In 1830 trad hij in dienst van het Voorlopig Bewind en samen met Jacques Fleussu, Joseph Forgeur en Charles Liedts stelde hij een eerste ontwerp van Grondwet op, dat ze samen in november 1830 aan het Nationaal Congres aanboden, het assemblee waarin hij in oktober voor het arrondissement Brussel verkozen was. Dit ontwerp was opgemaakt in concurrentie met het ontwerp dat door de officiële grondwetscommissie was opgesteld. Het ging meer in detail in op de ondergeschikte besturen (provincies, gemeenten), maar was voor het overige zeer gelijklopend met het 'officiële' ontwerp. Op 25 november belandde het ontwerp van de heren Forgeur, Barbanson, Fleussu en Liedts op het bureau van het Congres dat het aan de algemene vergadering voorlegde. Er werd beslist het te drukken en te distribueren.

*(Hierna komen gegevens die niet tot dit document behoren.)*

definition Sk :: "'a set \<Rightarrow> 'a set set \<Rightarrow> nat \<Rightarrow> 'a osep set" where
  "Sk V E k = {s. is_osep V E s \<and> card (fst s \<inter> snd s) < k}"

definition degenerate :: "'a osep \<Rightarrow> bool" where
  "degenerate s \<longleftrightarrow> s = inv_sep s"

definition trivial_in :: "'a osep set \<Rightarrow> 'a osep \<Rightarrow> bool" where
  "trivial_in S r \<longleftrightarrow> (\<exists>s\<in>S. sep_less r s \<and> sep_less r (inv_sep s))"

definition is_star :: "'a osep set \<Rightarrow> bool" where
  "is_star \<sigma> \<longleftrightarrow> \<sigma> \<noteq> {} \<and> (\<forall>r\<in>\<sigma>. \<forall>s\<in>\<sigma>. r \<noteq> s \<longrightarrow> sep_le r (inv_sep s))"

definition Fk :: "'a set \<Rightarrow> 'a set set \<Rightarrow> nat \<Rightarrow> 'a osep set set" where
  "Fk V E k = {\<sigma>. is_star \<sigma> \<and> \<sigma> \<subseteq> Sk V E k \<and> card (\<Inter> (snd ` \<sigma>)) < k}"

definition forces :: "'a osep set set \<Rightarrow> 'a osep \<Rightarrow> bool" where
  "forces F r \<longleftrightarrow> {inv_sep r} \<in> F \<or> degenerate r"

definition S_ge :: "'a osep set \<Rightarrow> 'a osep \<Rightarrow> 'a osep set" where
  "S_ge S r = {s\<in>S. sep_le r s \<or> sep_le r (inv_sep s)}"

definition shift :: "'a osep \<Rightarrow> 'a osep \<Rightarrow> 'a osep \<Rightarrow> 'a osep" where
  "shift r s0 s = (if sep_le r s \<and> s \<noteq> inv_sep r then sep_join s s0
                   else inv_sep (sep_join (inv_sep s) s0))"

definition linked :: "'a osep set \<Rightarrow> 'a osep \<Rightarrow> 'a osep \<Rightarrow> bool" where
  "linked S s0 r \<longleftrightarrow> sep_le r s0 \<and>
     (\<forall>s\<in>S. sep_le r s \<and> s \<noteq> inv_sep r \<longrightarrow> sep_join s s0 \<in> S)"

definition F_linked :: "'a osep set set \<Rightarrow> 'a osep set \<Rightarrow> 'a osep \<Rightarrow> 'a osep \<Rightarrow> bool" where
  "F_linked F S s0 r \<longleftrightarrow> linked S s0 r \<and>
     (\<forall>\<sigma>\<in>F. is_star \<sigma> \<and> \<sigma> \<subseteq> S_ge S r - {inv_sep r} \<and> (\<exists>s\<in>\<sigma>. sep_le r s)
          \<longrightarrow> shift r s0 ` \<sigma> \<in> F)"

end

theory Submission
  imports Defs
begin

(* Unforcedness says that {r*} is not
   in F_k, i.e. |A_r| >= k; hence no separation of order < k has both orientations above r.
   Consequently a star sigma in F_k inside S_{>=r} - {r*} contains exactly one element s1 >= r,
   while every other t in sigma satisfies t* >= r.  The shifting map therefore sends s1 to
   s1 v s0 and every other t to t ^ s0*, and
     (1) such an image of a star is again a star (pure lattice reasoning);
     (2) all images lie in S_k, because s0 is linked to r;
     (3) writing s1 = (C,D) and X = the intersection of all B-sides of sigma, the separation
         q = (C u X, D) has separator X, so q lies in S_k and q >= r; linkedness puts q v s0
         in S_k, and its separator contains the intersection of all B-sides of the image. *)

lemma sep_le_refl: "sep_le s s"
  unfolding sep_le_def by simp

lemma sep_le_trans: "sep_le a b \<Longrightarrow> sep_le b c \<Longrightarrow> sep_le a c"
  unfolding sep_le_def by auto

lemma inv_sep_inv_sep [simp]: "inv_sep (inv_sep s) = s"
  unfolding inv_sep_def by simp

text \<open>De Morgan: \<open>(t* \<or> s0)* = t \<and> s0*\<close>; this is how the shifting map acts on
  elements whose inverse lies above \<open>r\<close>.\<close>
lemma inv_sep_join: "inv_sep (sep_join (inv_sep t) s0) = sep_meet t (inv_sep s0)"
  unfolding inv_sep_def sep_join_def sep_meet_def by simp

lemma Sk_inv_sep: "s \<in> Sk V E k \<Longrightarrow> inv_sep s \<in> Sk V E k"
  unfolding Sk_def is_osep_def inv_sep_def by (auto simp: Int_commute Un_commute)

lemma finite_sides:
  assumes "finite V" "s \<in> Sk V E k"
  shows "finite (fst s)" "finite (snd s)"
  using assms unfolding Sk_def is_osep_def by (auto intro: finite_subset)

text \<open>If the small side of \<open>r\<close> has fewer than \<open>k\<close> vertices then \<open>{r*}\<close> is a star in \<open>F_k\<close>.\<close>
lemma unforced_small_side_large:
  assumes "r \<in> Sk V E k" "\<not> forces (Fk V E k) r"
  shows "k \<le> card (fst r)"
proof (rule ccontr)
  assume "\<not> k \<le> card (fst r)"
  then have "{inv_sep r} \<in> Fk V E k"
    using Sk_inv_sep[OF assms(1)] unfolding Fk_def is_star_def by (auto simp: inv_sep_def)
  then show False using assms(2) unfolding forces_def by blast
qed

text \<open>If \<open>r \<le> s\<close> and \<open>r \<le> s*\<close> then the small side of \<open>r\<close> lies in the separator of \<open>s\<close>;
  hence for \<open>|A_r| \<ge> k\<close> no separation of order \<open>< k\<close> has both orientations above \<open>r\<close>.\<close>
lemma no_two_orientations_above:
  assumes "finite V" "k \<le> card (fst r)" "s \<in> Sk V E k" "sep_le r s"
  shows "\<not> sep_le r (inv_sep s)"
proof
  assume "sep_le r (inv_sep s)"
  then have "fst r \<subseteq> fst s \<inter> snd s"
    using assms(4) unfolding sep_le_def inv_sep_def by auto
  then have "card (fst r) \<le> card (fst s \<inter> snd s)"
    using finite_sides[OF assms(1,3)] by (simp add: card_mono)
  then show False using assms(2,3) unfolding Sk_def by simp
qed

lemma star_second_above:
  assumes "is_star \<sigma>" "s1 \<in> \<sigma>" "t \<in> \<sigma>" "t \<noteq> s1" "sep_le r t"
  shows "sep_le r (inv_sep s1)"
  using assms sep_le_trans unfolding is_star_def by metis

text \<open>This is what the shifting map does to the stars in question.\<close>
definition join_meet :: "'a osep \<Rightarrow> 'a osep \<Rightarrow> 'a osep \<Rightarrow> 'a osep" where
  "join_meet s1 s0 t = (if t = s1 then sep_join t s0 else sep_meet t (inv_sep s0))"

text \<open>The image is again a star: from \<open>a \<le> b*\<close> one gets \<open>a \<or> s0 \<le> (b \<and> s0*)*\<close> and
  \<open>a \<and> s0* \<le> (b \<or> s0)*\<close>, \<open>a \<and> s0* \<le> (b \<and> s0*)*\<close>; in set terms only \<open>A_a \<subseteq> B_b\<close> is needed.\<close>
lemma star_image_join_meet:
  assumes star: "is_star \<sigma>" and s1: "s1 \<in> \<sigma>"
  shows "is_star (join_meet s1 s0 ` \<sigma>)"
proof -
  have le: "\<And>a b. a \<in> \<sigma> \<Longrightarrow> b \<in> \<sigma> \<Longrightarrow> a \<noteq> b \<Longrightarrow> fst a \<subseteq> snd b"
    using star unfolding is_star_def sep_le_def inv_sep_def by fastforce
  show ?thesis
    unfolding is_star_def
  proof (intro conjI ballI impI)
    show "join_meet s1 s0 ` \<sigma> \<noteq> {}" using s1 by blast
  next
    fix x y assume "x \<in> join_meet s1 s0 ` \<sigma>" "y \<in> join_meet s1 s0 ` \<sigma>" "x \<noteq> y"
    then obtain a b where ab: "a \<in> \<sigma>" "b \<in> \<sigma>" "a \<noteq> b"
      and "x = join_meet s1 s0 a" "y = join_meet s1 s0 b" by blast
    with le[OF ab] le[OF ab(2,1) ab(3)[symmetric]] show "sep_le x (inv_sep y)"
      unfolding join_meet_def sep_le_def inv_sep_def sep_join_def sep_meet_def by auto
  qed
qed

lemma shift_eq_join_meet:
  assumes "sep_le r s1" "s1 \<noteq> inv_sep r" "\<And>t. t \<in> \<sigma> \<Longrightarrow> t \<noteq> s1 \<Longrightarrow> \<not> sep_le r t"
  shows "shift r s0 ` \<sigma> = join_meet s1 s0 ` \<sigma>"
  using assms unfolding shift_def join_meet_def by (intro image_cong) (auto simp: inv_sep_join)

definition separator :: "'a osep \<Rightarrow> 'a set" where
  "separator s = fst s \<inter> snd s"

lemma osep_enlarge_small_side:
  assumes "is_osep V E (C, D)" "C \<inter> D \<subseteq> X" "X \<subseteq> D"
  shows "is_osep V E (C \<union> X, D)" "separator (C \<union> X, D) = X"
proof -
  have "C \<union> X - D = C - D" "D - (C \<union> X) \<subseteq> D - C" using assms(3) by auto
  then show "is_osep V E (C \<union> X, D)" using assms(1,3) unfolding is_osep_def by auto
  show "separator (C \<union> X, D) = X" using assms(2,3) unfolding separator_def by auto
qed

lemma star_Inter_snd_bounds:
  assumes "is_star \<sigma>" "s1 \<in> \<sigma>"
  shows "separator s1 \<subseteq> \<Inter> (snd ` \<sigma>)" "\<Inter> (snd ` \<sigma>) \<subseteq> snd s1"
proof -
  have "\<And>t. t \<in> \<sigma> \<Longrightarrow> t \<noteq> s1 \<Longrightarrow> fst s1 \<subseteq> snd t"
    using assms unfolding is_star_def sep_le_def inv_sep_def by fastforce
  then show "separator s1 \<subseteq> \<Inter> (snd ` \<sigma>)" unfolding separator_def by blast
  show "\<Inter> (snd ` \<sigma>) \<subseteq> snd s1" using assms(2) by blast
qed

text \<open>The intersection of the B-sides after \<open>join_meet\<close>: outside \<open>A0\<close> every vertex already
  lay in all old B-sides.\<close>
lemma Inter_snd_join_meet:
  assumes "s1 \<in> \<sigma>" "s0 = (A0, B0)"
  shows "\<Inter> (snd ` join_meet s1 s0 ` \<sigma>) \<subseteq> (\<Inter> (snd ` \<sigma>) \<union> A0) \<inter> (snd s1 \<inter> B0)"
proof
  fix v assume v: "v \<in> \<Inter> (snd ` join_meet s1 s0 ` \<sigma>)"
  have in_image: "v \<in> snd (join_meet s1 s0 t)" if "t \<in> \<sigma>" for t
    using v that by blast
  have "v \<in> snd s1 \<inter> B0"
    using in_image[OF assms(1)] assms(2) unfolding join_meet_def sep_join_def by simp
  moreover have "v \<in> snd t" if "t \<in> \<sigma>" "v \<notin> A0" for t
    using in_image[OF that(1)] that(2) \<open>v \<in> snd s1 \<inter> B0\<close> assms(2)
    unfolding join_meet_def sep_meet_def inv_sep_def by (auto split: if_splits)
  ultimately show "v \<in> (\<Inter> (snd ` \<sigma>) \<union> A0) \<inter> (snd s1 \<inter> B0)" by blast
qed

Barbanson behoorde tot de antiklerikale groep, wat nochtans aan zijn stemgedrag niet zo speciaal te zien was, aangezien hij in de eerste plaats unionist was. Hij stemde dan ook praktisch altijd met de meerderheid: voor de aanvaarding van de onafhankelijkheidsverklaring, voor de eeuwigdurende uitsluiting van de Nassaus, voor de hertog van Nemours als koning, voor Surlet de Chokier als regent, voor Leopold van Saksen Coburg en voor de aanvaarding van het Verdrag der XVIII artikelen.

Na het Nationaal Congres vervulde hij nog volgende politieke functies:

  • 1830-1840: gemeenteraadslid van Brussel,
  • 1836-1866: provincieraadslid van Brabant,
  • 1866-1870: senator voor het arrondissement Brussel.

Barbanson was lid van de Brusselse vrijmetselaarsloge L'Espérance die voor de Belgische afscheuring orangistischgezinde personaliteiten verenigde onder leiding van kroonprins Willem. Na 1834 was hij bestuurder van de Université libre de Bruxelles.

Literatuur bewerken

  • Carl BEYAERT, Biographies des membres du Congrès national, Brussel, Van Oest, 1930, 36.
  • Julienne LAUREYSSENS, Industriële naamloze vennootschappen in België, 1819-1857, Leuven, Nauwelaerts 1975
  • Jean-Luc DE PAEPE en Christiane RAINDORF-GERARD, Le Parlement belge, 1831-1894. Données biographiques, Brussel, Académie royale de Belgique, 1996.
  • Guy SCHRANS, Vrijmetselaars te Gent in de XVIIIde eeuw, Gent, Liberaal Archief, 2009, 383.